Work task — Set down, character for character, everything in the records below from the line holding "using assms(3) by blast" down to the line holding "using \<open>a <", and no other line.

Input records —
(* For every $h>2/3$ there is an instance with two groups in which all agents have binary valuations and no allocation is $h$-democratic positive-MMS-fair.
   Context: There is a finite set $G$ of goods and $k$ groups $A_1,\dots,A_k$ of agents ($n_i\ge1$ agents in $A_i$); here $k=2$. An agent $a$ is binary if her utility is additive, $u_a(X)=\sum_{g\in X}u_a(\{g\})$, with $u_a(\{g\})\in\{0,1\}$. An allocation is a partition $(G_1,\dots,G_k)$ of $G$; every agent of $A_i$ gets utility $u_a(G_i)$. $\mathrm{MMS}^k_a(G)$ is the maximum over partitions of $G$ into $k$ sets of the minimum utility of $a$ for a set of the partition. The allocation is positive-MMS-fair for $a\in A_i$ if $\mathrm{MMS}^k_a(G)>0$ implies $u_a(G_i)>0$. For $h\in[0,1]$, an allocation is $h$-democratic fair (for a given individual fairness notion) if for every $i$, at least $h\cdot n_i$ agents of $A_i$ find it fair. *)

theory Defs
  imports Main Complex_Main
begin

definition util :: "(nat \<Rightarrow> nat) \<Rightarrow> nat set \<Rightarrow> nat" where
  "util w X = (\<Sum>g\<in>X. w g)"

definition binary_val :: "nat set \<Rightarrow> (nat \<Rightarrow> nat) \<Rightarrow> bool" where
  "binary_val G w \<longleftrightarrow> (\<forall>g\<in>G. w g \<in> {0, 1})"

(* P is a partition of G into k (possibly empty) bundles P 0, ..., P (k-1) *)
definition is_partition :: "nat \<Rightarrow> nat set \<Rightarrow> (nat \<Rightarrow> nat set) \<Rightarrow> bool" where
  "is_partition k G P \<longleftrightarrow>
     (\<Union>i<k. P i) = G \<and> (\<forall>i<k. \<forall>j<k. i \<noteq> j \<longrightarrow> P i \<inter> P j = {})"

definition mms :: "nat \<Rightarrow> (nat \<Rightarrow> nat) \<Rightarrow> nat set \<Rightarrow> nat" where
  "mms k w G = Max {Min ((\<lambda>i. util w (P i)) ` {..<k}) | P. is_partition k G P}"

definition pos_mms_fair :: "nat \<Rightarrow> (nat \<Rightarrow> nat) \<Rightarrow> nat set \<Rightarrow> nat set \<Rightarrow> bool" where
  "pos_mms_fair k w G B \<longleftrightarrow> (mms k w G > 0 \<longrightarrow> util w B > 0)"

(* k groups; group i has agents 0..<n i, agent j of group i has valuation v i j. *)
definition h_dem_pos_mms_fair ::
  "real \<Rightarrow> nat \<Rightarrow> nat set \<Rightarrow> (nat \<Rightarrow> nat) \<Rightarrow> (nat \<Rightarrow> nat \<Rightarrow> nat \<Rightarrow> nat)
     \<Rightarrow> (nat \<Rightarrow> nat set) \<Rightarrow> bool" where
  "h_dem_pos_mms_fair h k G n v P \<longleftrightarrow>
     (\<forall>i<k. h * real (n i) \<le> real (card {j. j < n i \<and> pos_mms_fair k (v i j) G (P i)}))"

end

theory Submission
  imports Defs
begin

text \<open>Take three goods and, in each group, three agents, agent j valuing every good except j.
Each agent can split the goods into two bundles she values positively, so her MMS is positive.
For h > 2/3 every agent of each group must then value her group's bundle positively, so each
bundle contains at least two goods, and two disjoint such bundles do not fit into three goods.\<close>

lemma util_pos_iff: "finite X \<Longrightarrow> util w X > 0 \<longleftrightarrow> (\<exists>g\<in>X. w g > 0)"
  unfolding util_def by (metis not_gr0 sum_eq_0_iff)

lemma mms_pos_of_partition:
  assumes "finite G" "0 < k" "is_partition k G P" "\<forall>i<k. util w (P i) > 0"
  shows "mms k w G > 0"
proof -
  let ?S = "{Min ((\<lambda>i. util w (Q i)) ` {..<k}) | Q. is_partition k G Q}"
  have "?S \<subseteq> {..util w G}"
  proof
    fix x assume "x \<in> ?S"
    then obtain Q where x: "x = Min ((\<lambda>i. util w (Q i)) ` {..<k})" and "is_partition k G Q"
      by blast
    then have "Q 0 \<subseteq> G"
      using \<open>0 < k\<close> unfolding is_partition_def by auto
    then have "util w (Q 0) \<le> util w G"
      unfolding util_def using \<open>finite G\<close> by (intro sum_mono2) auto
    moreover have "x \<le> util w (Q 0)"
      unfolding x using \<open>0 < k\<close> by (intro Min_le) auto
    ultimately show "x \<in> {..util w G}" by simp
  qed
  then have "finite ?S" by (rule finite_subset) simp
  moreover have "Min ((\<lambda>i. util w (P i)) ` {..<k}) \<in> ?S"
    using assms(3) by blast
  moreover have "Min ((\<lambda>i. util w (P i)) ` {..<k}) > 0"
    using assms(2,4) by (subst Min_gr_iff) auto
  ultimately show ?thesis
    unfolding mms_def by (meson Max_ge less_le_trans)
qed

lemma h_dem_pos_mms_fair_all_agents:
  assumes "h_dem_pos_mms_fair h k G n v P" "i < k" "real (n i) - 1 < h * real (n i)" "j < n i"
  shows "pos_mms_fair k (v i j) G (P i)"
proof -
  let ?A = "{j. j < n i \<and> pos_mms_fair k (v i j) G (P i)}"
  have "?A \<subseteq> {..<n i}" by auto
  moreover have "real (n i) - 1 < real (card ?A)"
    using assms(1-3) unfolding h_dem_pos_mms_fair_def by force
  then have "card {..<n i} \<le> card ?A" by simp
  ultimately have "?A = {..<n i}"
    by (intro card_seteq) auto
  then show ?thesis using \<open>j < n i\<close> by blast
qed

definition all_but :: "nat \<Rightarrow> nat \<Rightarrow> nat \<Rightarrow> nat" where
  "all_but m j g = (if g < m \<and> g \<noteq> j then 1 else 0)"

lemma binary_val_all_but: "binary_val G (all_but m j)"
  unfolding binary_val_def all_but_def by auto

lemma mms_all_but_pos:
  assumes "3 \<le> m"
  shows "mms 2 (all_but m j) {..<m} > 0"
proof -
  define a :: nat where "a = (if j = 0 then 1 else 0)"
  define b :: nat where "b = (if j = 2 then 1 else 2)"
  define P :: "nat \<Rightarrow> nat set" where "P i = (if i = 0 then {a} else {..<m} - {a})" for i
  have "a < m" "b < m" "a \<noteq> j" "b \<noteq> j" "b \<noteq> a"
    using assms unfolding a_def b_def by auto
  then have "is_partition 2 {..<m} P"
    unfolding is_partition_def P_def by (auto simp: lessThan_Suc numeral_2_eq_2)
  moreover have "\<forall>i<2. util (all_but m j) (P i) > 0"
  proof (intro allI impI)
    fix i :: nat assume "i < 2"
    then have "a \<in> P i \<or> b \<in> P i"
      using \<open>b < m\<close> \<open>b \<noteq> a\<close> unfolding P_def by auto
    then show "util (all_but m j) (P i) > 0"
      using \<open>a < m\<close> \<open>b < m\<close> \<open>a \<noteq> j\<close> \<open>b \<noteq> j\<close>
      by (subst util_pos_iff) (auto simp: P_def all_but_def)
  qed
  ultimately show ?thesis
    by (intro mms_pos_of_partition) auto
qed

lemma two_le_card_if_valued_by_all_but:
  assumes "0 < m" "B \<subseteq> {..<m}" "\<forall>j<m. util (all_but m j) B > 0"
  shows "2 \<le> card B"
proof (rule ccontr)
  assume "\<not> 2 \<le> card B"
  moreover have "finite B"
    using assms(2) finite_subset by blast
  ultimately have "B = {} \<or> (\<exists>j. B = {j})"
    by (metis One_nat_def card_1_singletonE less_2_cases not_le card_0_eq)
  moreover have "B \<noteq> {}"
    using assms(1) assms(3)[rule_format, of 0] util_pos_iff[OF \<open>finite B\<close>] by auto
  ultimately obtain j where "B = {j}" by blast
  then show False
    using assms(2) assms(3)[rule_format, of j] by (auto simp: util_def all_but_def)
qed

lemma partition_three_small_bundle:
  assumes "is_partition 2 {..<3} P"
  shows "\<exists>i<2. card (P i) < 2"
proof -
  have "P 0 \<inter> P 1 = {}" "P 0 \<union> P 1 = {..<3}"
    using assms unfolding is_partition_def by (auto simp: lessThan_Suc numeral_2_eq_2)
  then have "card (P 0) + card (P 1) = 3"
    by (metis card_Un_disjoint card_lessThan finite_Un finite_lessThan)
  then have "card (P 0) < 2 \<or> card (P 1) < 2"
    by linarith
  then show ?thesis
    using pos2 one_less_numeral_iff semiring_norm(76) by blast
qed

theorem mainTheorem3:
  fixes h :: real
  assumes "2/3 < h" and "h \<le> 1"
  shows "\<exists>(G::nat set) (n::nat \<Rightarrow> nat) (v::nat \<Rightarrow> nat \<Rightarrow> nat \<Rightarrow> nat).
           finite G \<and> (\<forall>i<2. 1 \<le> n i) \<and>
           (\<forall>i<2. \<forall>j<n i. binary_val G (v i j)) \<and>
           \<not> (\<exists>P. is_partition 2 G P \<and> h_dem_pos_mms_fair h 2 G n v P)"
proof -
  have "\<not> is_partition 2 {..<3} P"
    if fair: "h_dem_pos_mms_fair h 2 {..<3} (\<lambda>_. 3) (\<lambda>_. all_but 3) P" for P
  proof
    assume part: "is_partition 2 {..<3} P"
    then obtain i where "i < 2" "card (P i) < 2"
      using partition_three_small_bundle by blast
    moreover have "P i \<subseteq> {..<3}"
      using part \<open>i < 2\<close> unfolding is_partition_def by auto
    moreover have "\<forall>j<3. util (all_but 3 j) (P i) > 0"
      using h_dem_pos_mms_fair_all_agents[OF fair \<open>i < 2\<close>] assms(1) mms_all_but_pos[of 3]
      by (auto simp: pos_mms_fair_def)
    ultimately show False
      using two_le_card_if_valued_by_all_but[of 3 "P i"] by simp
  qed
  then show ?thesis
    by (intro exI[of _ "{..<3}"] exI[of _ "\<lambda>_. 3"] exI[of _ "\<lambda>_. all_but 3"])
      (auto simp: binary_val_all_but)
qed

end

Solved exercise —
    using assms(3) by blast
  moreover have "Min ((\<lambda>i. util w (P i)) ` {..<k}) > 0"
    using assms(2,4) by (subst Min_gr_iff) auto
  ultimately show ?thesis
    unfolding mms_def by (meson Max_ge less_le_trans)
qed

lemma h_dem_pos_mms_fair_all_agents:
  assumes "h_dem_pos_mms_fair h k G n v P" "i < k" "real (n i) - 1 < h * real (n i)" "j < n i"
  shows "pos_mms_fair k (v i j) G (P i)"
proof -
  let ?A = "{j. j < n i \<and> pos_mms_fair k (v i j) G (P i)}"
  have "?A \<subseteq> {..<n i}" by auto
  moreover have "real (n i) - 1 < real (card ?A)"
    using assms(1-3) unfolding h_dem_pos_mms_fair_def by force
  then have "card {..<n i} \<le> card ?A" by simp
  ultimately have "?A = {..<n i}"
    by (intro card_seteq) auto
  then show ?thesis using \<open>j < n i\<close> by blast
qed

definition all_but :: "nat \<Rightarrow> nat \<Rightarrow> nat \<Rightarrow> nat" where
  "all_but m j g = (if g < m \<and> g \<noteq> j then 1 else 0)"

lemma binary_val_all_but: "binary_val G (all_but m j)"
  unfolding binary_val_def all_but_def by auto

lemma mms_all_but_pos:
  assumes "3 \<le> m"
  shows "mms 2 (all_but m j) {..<m} > 0"
proof -
  define a :: nat where "a = (if j = 0 then 1 else 0)"
  define b :: nat where "b = (if j = 2 then 1 else 2)"
  define P :: "nat \<Rightarrow> nat set" where "P i = (if i = 0 then {a} else {..<m} - {a})" for i
  have "a < m" "b < m" "a \<noteq> j" "b \<noteq> j" "b \<noteq> a"
    using assms unfolding a_def b_def by auto
  then have "is_partition 2 {..<m} P"
    unfolding is_partition_def P_def by (auto simp: lessThan_Suc numeral_2_eq_2)
  moreover have "\<forall>i<2. util (all_but m j) (P i) > 0"
  proof (intro allI impI)
    fix i :: nat assume "i < 2"
    then have "a \<in> P i \<or> b \<in> P i"
      using \<open>b < m\<close> \<open>b \<noteq> a\<close> unfolding P_def by auto
    then show "util (all_but m j) (P i) > 0"
      using \<open>a < m\<close> \<open>b < m\<close> \<open>a \<noteq> j\<close> \<open>b \<noteq> j\<close>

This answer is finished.